The Lenovo IdeaPad Flex 10 is dual-mode laptop with a 10-inch screen. It gets its name from its lid that can fold back flat and then around 300 degrees.

The 2014's Flex 10's has display features multitouch capability and has a resolution of 1366×768. Buyers can select configurations with the quad-core (Pentium N3510, or Celeron N2910), or the dual-core (Celeron N2810, or Celeron N2805) Intel CPUs. The Pentium configuration can hold up to 4 gigabytes of RAM and the Celeron configurations can hold 2 gigabytes. The Flex 10 shares the same basic ports and design as the Flex 15 and the IdeaPad A10.

According to a review from NDTV Gadgets, "It's clear that Lenovo allocated most of this device's cost to its more visible features. In terms of functionality, it is best thought of as a modern-day netbook: good enough for surfing the Web, creating basic documents and watching movies now and then, but not suitable for any serious work."

====IdeaPad Flex 14====
Design and performance - Like other Lenovo devices such as the Yoga, the Flex has a matte, smooth lid that tapers slightly at the sides with a Lenovo logo in the upper left corner. Some models have orange accents, a feature often found in Lenovo's designs. Rubber bumpers prevent the screen from being rotated beyond 300 degrees and prevent the keyboard from contacting the table.

It has a display with a resolution of 1920 x 1080 and ten-point multitouch capability. Models with Intel Core i5 and i7 processors are available. 8 gigabytes of RAM comes standard and up to 16 gigabytes.
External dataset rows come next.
lemma psd_cmat_congruence:
  fixes X Q :: "complex mat"
  assumes X: "X \<in> carrier_mat n r" and Q: "Q \<in> carrier_mat n n" "psd_cmat Q"
  shows "psd_cmat (mat_adjoint X * Q * X)"
proof -
  have "mat_adjoint (mat_adjoint X * Q * X) = mat_adjoint X * mat_adjoint Q * X"
    using X Q by (simp add: mat_adjoint_mult[of "mat_adjoint X" r n "Q * X" r] mat_adjoint_mult[of Q n n X r])
  moreover have "mat_adjoint Q = Q" using Q(2) by (simp add: psd_cmat_def hermitian_cmat_def)
  moreover have "0 \<le> Re (conjugate v \<bullet> ((mat_adjoint X * Q * X) *\<^sub>v v))" if v: "v \<in> carrier_vec r" for v
    using quadratic_form_congruence[OF X Q(1) v] Q X v by (simp add: psd_cmat_def)
  ultimately show ?thesis using X Q by (simp add: psd_cmat_def hermitian_cmat_def)
qed

lemma psd_cmat_inv:
  assumes A: "A \<in> carrier_mat n n" and pd: "pd_cmat A"
  shows "psd_cmat (cmat_inv A)"
proof -
  note Ai = cmat_inv_inverse[OF A pd_cmat_invertible[OF A pd]]
  have herm: "mat_adjoint A = A" using pd by (simp add: pd_cmat_def hermitian_cmat_def)
  have "mat_adjoint (cmat_inv A) * A = 1\<^sub>m n"
    using mat_adjoint_mult[OF A Ai(1)] Ai(2) herm by simp
  then have "mat_adjoint (cmat_inv A) * A * cmat_inv A = cmat_inv A"
    using Ai(1) by simp
  moreover have "psd_cmat (mat_adjoint (cmat_inv A) * A * cmat_inv A)"
    by (rule psd_cmat_congruence[OF Ai(1) A pd_cmat_imp_psd_cmat[OF pd]])
  ultimately show ?thesis by simp
qed
(* Let $s>1$ be constant and $G\sim G_{n,p}$ with $p=\frac{\log n+\omega(n)}{n}$, $\omega(n)\to\infty$, $np=O(\log n)$. For the Birth-Death process on $G$ started from a single mutant, w.h.p. either $X$ becomes empty or $|X|$ reaches $20/\varepsilon^3$ within $O(\varepsilon^{-3})$ iterations.
   Context: Birth-Death process: $X\subseteq[n]$ is the mutant set (fitness $s$, others fitness 1), initially a single vertex; at each step a vertex $v$ is chosen with probability proportional to fitness and a uniformly random neighbor $u$ of $v$ takes the type of $v$. An iteration is a step in which $X$ changes. $\varepsilon=1/\log\log\log n$. *)

theory Defs
  imports "HOL-Probability.Probability"
begin

definition eps :: "nat \<Rightarrow> real" where
  "eps n = 1 / ln (ln (ln (real n)))"

definition gnp :: "nat \<Rightarrow> real \<Rightarrow> (nat \<times> nat \<Rightarrow> bool) pmf" where
  "gnp n p = Pi_pmf {(i,j). i < j \<and> j < n} False (\<lambda>_. bernoulli_pmf p)"

definition adj :: "(nat \<times> nat \<Rightarrow> bool) \<Rightarrow> nat \<Rightarrow> nat \<Rightarrow> bool" where
  "adj g u v \<longleftrightarrow> u \<noteq> v \<and> g (min u v, max u v)"

definition fitness :: "real \<Rightarrow> nat set \<Rightarrow> nat \<Rightarrow> real" where
  "fitness s X v = (if v \<in> X then s else 1)"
Storage is available from 256 gigabytes PCIe SSD. An Nvidia GeForce MX130 video card (Nvidia Geforce GT 820 M in the 2014 version)with 2 gigabytes of video RAM is an option. A 0.9 megapixel webcam is included. 802.11 ac Wi-Fi and Bluetooth 4.1 standards are all supported. It comes with a Qualcomm Atheros Internet Card. Ports include HDMI, two USB 3.0 and one USB-C. An SD card reader allows for expandable storage. (Two USB 2 Ports and one USB 3 port with HDMI AND and SD Card reader were present in the older versions) A 45 watt-hour battery provides up to seven hours of unplugged use. The model with an 8th-gen Intel Core i5-8250U CPU and 8GB of RAM achieved a score of 12,130 points on Geekbench 4.

The Flex 14 runs Windows 10. It includes a Dolby Atmos app, Microsoft Office, McAfee 30 days trial, Lenovo Vantage and such other apps from the Microsoft Store.

Reviews - In a review for Laptop Mag, Shaun Lucas wrote, "The Botton Line: With its speedy performance, strong sound and solid design, the $809 Lenovo IdeaPad Flex 6 is an attractive and affordable 2-in-1." He praised the discrete graphics but noted that the laptop is not ideal for gaming on the go due to its eight hour battery life and low (300 nitts) screen brightness.

PC MAG praised its hinge design, battery life, keyboard, and 10-point touch screen.